The medical benefits of an increase in the number of genome-wide samples from Africa would be quite large.  As of now, very few Genome-Wide Association Studies (GWAS) have been conducted among African populations. Nonetheless, the potential for GWAS to identify causal loci has been demonstrated by a few recent studies (Jallow et al., 2009; for example).
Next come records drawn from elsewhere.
(* Let $\varepsilon>0$, $u_0\in\mathcal V_{[0,1]}\setminus\{\mathbf 0,\mathbf 1\}$, and let $\tau_n\downarrow0$ with $\tau_n<\varepsilon$ be such that for every $t\ge0$ the limit $\hat u(t):=\lim_{n\to\infty}u^{[\tau_n]}_{\lceil t/\tau_n\rceil}$ exists and $\hat u$ is (together with some $\gamma$) a solution of mass-conserving double-obstacle AC flow on $[0,\infty)$ with $\hat u(0)=u_0$. Then for all $t>s\ge0$, \[ \mathrm{GL}_\varepsilon(\hat u(s)) - \mathrm{GL}_\varepsilon(\hat u(t)) \geq \frac{1}{2(t-s)} \|\hat u(s) -\hat u(t) \|_{\mathcal V}^2; \] in particular $t\mapsto\mathrm{GL}_\varepsilon(\hat u(t))$ is monotonically non-increasing.
   Context: $G=(V,E)$ is a finite, simple, connected, undirected graph with weights $\omega_{ij}=\omega_{ji}>0$ for $ij\in E$, $\omega_{ij}=0$ otherwise; $d_i=\sum_j\omega_{ij}$, $r\in[0,1]$ fixed. $\mathcal V$ = functions $V\to\mathbb R$ with $\langle u,v\rangle_{\mathcal V}=\sum_i u_iv_id_i^r$ and norm $\|\cdot\|_{\mathcal V}$; $\mathcal V_{[0,1]}$ = functions $V\to[0,1]$. $\mathcal E$ = functions on $E$ with $\langle\varphi,\phi\rangle_{\mathcal E}=\frac12\sum_{i,j}\varphi_{ij}\phi_{ij}\omega_{ij}$, $(\nabla u)_{ij}=u_j-u_i$ if $ij\in E$, else $0$. $(\Delta u)_i=d_i^{-r}\sum_j\omega_{ij}(u_i-u_j)$, $e^{-\tau\Delta}$ its matrix exponential. $\mathbf 1$ all-ones, $\mathbf 0$ zero function; $\mathcal M(u)=\langle u,\mathbf 1\rangle_{\mathcal V}$; $\bar v=\mathcal M(v)/\mathcal M(\mathbf 1)$. Ginzburg–Landau functional: $\mathrm{GL}_\varepsilon(u)=\frac12\|\nabla u\|_{\mathcal E}^2+\frac1\varepsilon\sum_i d_i^rW(u_i)$ with $W(x)=\frac12x(1-x)$ for $x\in[0,1]$ and $W(x)=\infty$ otherwise. For $u\in\mathcal V_{[0,1]}$, $\mathcal B(u)$ = set of $\beta\in\mathcal V$ with $\beta_i\ge0$ if $u_i=0$, $\beta_i=0$ if $0<u_i<1$, $\beta_i\le0$ if $u_i=1$. Semi-discrete iterates with time step $\tau$, $\lambda=\tau/\varepsilon$ and initial state $u_0$: $u^{[\tau]}_0=u_0$ and for $m\ge0$, some $\beta^{[\tau]}_{m+1}\in\mathcal B(u^{[\tau]}_{m+1})$ with $u^{[\tau]}_{m+1} -e^{-\tau\Delta}u^{[\tau]}_m-\lambda u^{[\tau]}_{m+1}+\lambda\overline{u^{[\tau]}_{m+1}}\mathbf{1} =\lambda\beta^{[\tau]}_{m+1} -\lambda\overline{\beta^{[\tau]}_{m+1}}\mathbf{1}$ (for $\tau<\varepsilon$ the $u^{[\tau]}_m$ are uniquely determined). A pair $(u,\beta)$ is a solution to mass-conserving double-obstacle AC flow on $[0,\infty)$ if $u\in H^1_{loc}\cap C^0$, $u(t)\in\mathcal V_{[0,1]}$, and for a.e. $t$: $\varepsilon \frac{du}{dt} + \varepsilon\Delta u-u+\bar u\mathbf{1} = \beta - \bar\beta\mathbf{1}$, $\beta(t)\in\mathcal B(u(t))$. *)

theory Defs
  imports "HOL-Analysis.Analysis"
begin

definition wgraph :: "('v::finite \<Rightarrow> 'v \<Rightarrow> real) \<Rightarrow> bool" where
  "wgraph \<omega> \<longleftrightarrow> (\<forall>i j. \<omega> i j = \<omega> j i) \<and> (\<forall>i j. 0 \<le> \<omega> i j) \<and> (\<forall>i. \<omega> i i = 0)
     \<and> (\<forall>i j. (i, j) \<in> {(a, b). 0 < \<omega> a b}\<^sup>*)"

definition deg :: "('v::finite \<Rightarrow> 'v \<Rightarrow> real) \<Rightarrow> 'v \<Rightarrow> real" where
  "deg \<omega> i = (\<Sum>j\<in>UNIV. \<omega> i j)"

text \<open>\<open>d_i^r\<close>, with the convention \<open>x^0 = 1\<close>.\<close>
definition degr :: "('v::finite \<Rightarrow> 'v \<Rightarrow> real) \<Rightarrow> real \<Rightarrow> 'v \<Rightarrow> real" where
  "degr \<omega> r i = (if r = 0 then 1 else deg \<omega> i powr r)"

definition innerV :: "('v::finite \<Rightarrow> 'v \<Rightarrow> real) \<Rightarrow> real \<Rightarrow> ('v \<Rightarrow> real) \<Rightarrow> ('v \<Rightarrow> real) \<Rightarrow> real" where
  "innerV \<omega> r u v = (\<Sum>i\<in>UNIV. u i * v i * degr \<omega> r i)"

definition normV :: "('v::finite \<Rightarrow> 'v \<Rightarrow> real) \<Rightarrow> real \<Rightarrow> ('v \<Rightarrow> real) \<Rightarrow> real" where
  "normV \<omega> r u = sqrt (innerV \<omega> r u u)"

definition innerE :: "('v::finite \<Rightarrow> 'v \<Rightarrow> real) \<Rightarrow> ('v \<Rightarrow> 'v \<Rightarrow> real) \<Rightarrow> ('v \<Rightarrow> 'v \<Rightarrow> real) \<Rightarrow> real" where
  "innerE \<omega> \<phi> \<psi> = 1/2 * (\<Sum>i\<in>UNIV. \<Sum>j\<in>UNIV. \<phi> i j * \<psi> i j * \<omega> i j)"

definition normE :: "('v::finite \<Rightarrow> 'v \<Rightarrow> real) \<Rightarrow> ('v \<Rightarrow> 'v \<Rightarrow> real) \<Rightarrow> real" where
  "normE \<omega> \<phi> = sqrt (innerE \<omega> \<phi> \<phi>)"

definition grad :: "('v::finite \<Rightarrow> 'v \<Rightarrow> real) \<Rightarrow> ('v \<Rightarrow> real) \<Rightarrow> 'v \<Rightarrow> 'v \<Rightarrow> real" where
  "grad \<omega> u i j = (if 0 < \<omega> i j then u j - u i else 0)"

definition lap :: "('v::finite \<Rightarrow> 'v \<Rightarrow> real) \<Rightarrow> real \<Rightarrow> ('v \<Rightarrow> real) \<Rightarrow> 'v \<Rightarrow> real" where
  "lap \<omega> r u i = (1 / degr \<omega> r i) * (\<Sum>j\<in>UNIV. \<omega> i j * (u i - u j))"

text \<open>Matrix exponential \<open>e^{-\<tau>\<Delta>}\<close> applied to a function, via its power series.\<close>
definition heat :: "('v::finite \<Rightarrow> 'v \<Rightarrow> real) \<Rightarrow> real \<Rightarrow> real \<Rightarrow> ('v \<Rightarrow> real) \<Rightarrow> 'v \<Rightarrow> real" where
  "heat \<omega> r \<tau> u i = (\<Sum>k. (- \<tau>) ^ k / fact k * ((lap \<omega> r ^^ k) u) i)"

definition mass :: "('v::finite \<Rightarrow> 'v \<Rightarrow> real) \<Rightarrow> real \<Rightarrow> ('v \<Rightarrow> real) \<Rightarrow> real" where
  "mass \<omega> r u = innerV \<omega> r u (\<lambda>_. 1)"

definition avg :: "('v::finite \<Rightarrow> 'v \<Rightarrow> real) \<Rightarrow> real \<Rightarrow> ('v \<Rightarrow> real) \<Rightarrow> real" where
  "avg \<omega> r u = mass \<omega> r u / mass \<omega> r (\<lambda>_. 1)"

definition V01 :: "('v \<Rightarrow> real) set" where
  "V01 = {u. \<forall>i. 0 \<le> u i \<and> u i \<le> 1}"

definition Wdo :: "real \<Rightarrow> ereal" where
  "Wdo x = (if 0 \<le> x \<and> x \<le> 1 then ereal (x * (1 - x) / 2) else \<infinity>)"

definition GL :: "('v::finite \<Rightarrow> 'v \<Rightarrow> real) \<Rightarrow> real \<Rightarrow> real \<Rightarrow> ('v \<Rightarrow> real) \<Rightarrow> ereal" where
  "GL \<omega> r \<epsilon> u = ereal (1/2 * (normE \<omega> (grad \<omega> u))\<^sup>2)
      + ereal (1/\<epsilon>) * (\<Sum>i\<in>UNIV. ereal (degr \<omega> r i) * Wdo (u i))"

definition Bset :: "('v \<Rightarrow> real) \<Rightarrow> ('v \<Rightarrow> real) set" where
  "Bset u = {\<beta>. \<forall>i. (u i = 0 \<longrightarrow> \<beta> i \<ge> 0) \<and> (0 < u i \<and> u i < 1 \<longrightarrow> \<beta> i = 0)
                   \<and> (u i = 1 \<longrightarrow> \<beta> i \<le> 0)}"

definition semidiscrete :: "('v::finite \<Rightarrow> 'v \<Rightarrow> real) \<Rightarrow> real \<Rightarrow> real \<Rightarrow> real \<Rightarrow> ('v \<Rightarrow> real)
    \<Rightarrow> (nat \<Rightarrow> 'v \<Rightarrow> real) \<Rightarrow> bool" where
  "semidiscrete \<omega> r \<epsilon> \<tau> u0 U \<longleftrightarrow> U 0 = u0 \<and>
     (\<forall>m. U (Suc m) \<in> V01 \<and> (\<exists>\<beta>\<in>Bset (U (Suc m)). \<forall>i.
        U (Suc m) i - heat \<omega> r \<tau> (U m) i - (\<tau>/\<epsilon>) * U (Suc m) i + (\<tau>/\<epsilon>) * avg \<omega> r (U (Suc m))
        = (\<tau>/\<epsilon>) * \<beta> i - (\<tau>/\<epsilon>) * avg \<omega> r \<beta>))"

text \<open>\<open>H^1_loc([0,\<infinity>); \<V>)\<close>: each component is an indefinite integral of a locally
  square-integrable function on [0,\<infinity>).\<close>
definition H1loc :: "(real \<Rightarrow> 'v \<Rightarrow> real) \<Rightarrow> bool" where
  "H1loc u \<longleftrightarrow> (\<forall>i. \<exists>g. (\<forall>T\<ge>0. set_integrable lborel {0..T} g
        \<and> set_integrable lborel {0..T} (\<lambda>t. (g t)\<^sup>2))
      \<and> (\<forall>t\<ge>0. u t i = u 0 i + (LINT s:{0..t}|lborel. g s)))"

definition ACsol :: "('v::finite \<Rightarrow> 'v \<Rightarrow> real) \<Rightarrow> real \<Rightarrow> real \<Rightarrow> (real \<Rightarrow> 'v \<Rightarrow> real)
    \<Rightarrow> (real \<Rightarrow> 'v \<Rightarrow> real) \<Rightarrow> bool" where
  "ACsol \<omega> r \<epsilon> u \<beta> \<longleftrightarrow> H1loc u \<and> (\<forall>i. continuous_on {0..} (\<lambda>t. u t i))
     \<and> (\<forall>t\<ge>0. u t \<in> V01)
     \<and> (AE t in lborel. 0 < t \<longrightarrow> (\<exists>u'. (\<forall>i. ((\<lambda>s. u s i) has_real_derivative u' i) (at t))
          \<and> \<beta> t \<in> Bset (u t)
          \<and> (\<forall>i. \<epsilon> * u' i + \<epsilon> * lap \<omega> r (u t) i - u t i + avg \<omega> r (u t)
                 = \<beta> t i - avg \<omega> r (\<beta> t))))"

end

theory Submission
  imports Defs
begin

text \<open>
  For a solution \<open>u\<close> of the flow and a fixed \<open>v\<close>, the tilted energy
  \<open>\<psi>(y) = GL(u(y)) + 2<u(y), v> - y |v|\<^sup>2\<close> has derivative \<open>-|u' - v|\<^sup>2 \<le> 0\<close> almost
  everywhere: testing the equation with \<open>u'\<close>, the obstacle term vanishes because \<open>u'\<^sub>i \<beta>\<^sub>i = 0\<close>
  (where \<open>\<beta>\<^sub>i \<noteq> 0\<close>, \<open>u\<^sub>i\<close> is at its extremum 0 or 1) and the averages vanish because
  \<open>u'\<close> has zero mass. As \<open>u \<in> H\<^sup>1\<^sub>l\<^sub>o\<^sub>c\<close>, the increments of \<open>\<psi>\<close> are dominated by the
  integral of a nonnegative integrable function, and such a function with almost everywhere
  nonpositive derivative is nonincreasing (it maps null sets to null sets).
  For \<open>v = (u(t) - u(s)) / (t - s)\<close> the inequality \<open>\<psi>(t) \<le> \<psi>(s)\<close> reads
  \<open>GL(u(s)) - GL(u(t)) \<ge> |u(s) - u(t)|\<^sup>2 / (t - s)\<close>, twice the claimed bound.
\<close>

section \<open>Luzin's N property and monotonicity\<close>

lemma abs_diff_le_measure_of_interval:
  fixes f :: "real \<Rightarrow> real" and \<nu> :: "real measure"
  assumes fin: "finite_measure \<nu>"
    and bnd: "\<And>x y. a < x \<Longrightarrow> x \<le> y \<Longrightarrow> y < b \<Longrightarrow> \<bar>f y - f x\<bar> \<le> measure \<nu> {x..y}"
    and C: "is_interval C" "C \<subseteq> {a<..<b}" "C \<in> sets \<nu>" and x: "x \<in> C" "x' \<in> C"
  shows "\<bar>f x - f x'\<bar> \<le> measure \<nu> C"
proof -
  define l h where "l = min x x'" and "h = max x x'"
  have lh: "l \<in> C" "h \<in> C" "l \<le> h"
    using x unfolding l_def h_def by (auto simp: min_def max_def)
  then have "{l..h} \<subseteq> C"
    using C(1) unfolding is_interval_1 by (meson atLeastAtMost_iff subsetI)
  then have "measure \<nu> {l..h} \<le> measure \<nu> C"
    using C(3) by (rule finite_measure.finite_measure_mono[OF fin])
  moreover have "\<bar>f h - f l\<bar> \<le> measure \<nu> {l..h}"
    using C(2) lh by (intro bnd) auto
  moreover have "\<bar>f x - f x'\<bar> = \<bar>f h - f l\<bar>"
    unfolding l_def h_def by (cases "x \<le> x'") (simp_all add: abs_minus_commute)
  ultimately show ?thesis by simp
qed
Gross discusses two projects currently underway in Africa (Southern African Human Genome Programme and Human Heredity and Health in Africa, H3Africa) geared towards understanding the breadth of genomic diversity in Africa and applying this knowledge to medically benefit the people of Africa.
While a large part of the disease burden afflicting Africa is due to avoidable infectious diseases, such as malaria, the continent is also seeing a rise in non-communicable diseases, such as cancer and diabetes. H3Africa aims to improve health in Africa both by adding to the understanding of different susceptibility to both communicable and non-communicable diseases.
I imagine that geneticists across the globe will welcome the insight from these African projects.  Not only do these data stand to greatly benefit medical research in Africa, but also medical research in other populations.
Mutual benefit is also what the funders of the H3Africa project hope for. As NIH director Francis Collins explained in a recent comment in the Huffington Post, “Not only will this [H3Africa project] help people living in Africa, but, since Africa is the cradle of humanity, what is learned about genetic variation and disease likely will have an impact on the health of populations around the globe. [...] Rather than seeing biomedical innovation as something that flows from developed nations to low-income nations, we need to start viewing innovation as a two-way street from which the entire world stands to benefit.”
These benefits also extend to the study of human evolution.  In my own research, for example, I am interested in the evolution of complex (often medically relevant) traits such as those related to human disease and diet.  Disease risk doesn't appear to always be distributed across the same genetic loci in all human populations.  Particularly, where complex genetic pathways are concerned, there is a growing evidence for a great deal of parallelism across human populations, meaning that different populations may often have different risk alleles for the same conditions.  Further, a large part of the heritable disease risk is likely caused by extremely rare variants (McClellan and King, 2010).  Identifying the locations of rare causal variants for the same conditions in different populations will give us a much greater ability to identify the shared genetic networks in which diseases occur, and may ultimately give us the potential to discuss disease risk in the context of ancient genomes.




References:
Gross, M. (2011). African genomes. Current Biology, 21(13), R481–R484. Elsevier. doi:10.1016/j.cub.2011.06.047


Jallow, M., Teo, Y. Y., Small, K. S., Rockett, K. A., Deloukas, P., Clark, T. G., Kivinen, K., et al. (2009). Genome-wide and fine-resolution association analysis of malaria in West Africa. Nature Genetics, 41(6), 657–665. doi:10.1038/ng.388


McClellan, J., & King, M.-C. (2010). Genetic Heterogeneity in Human Disease. Cell, 141, 210–217.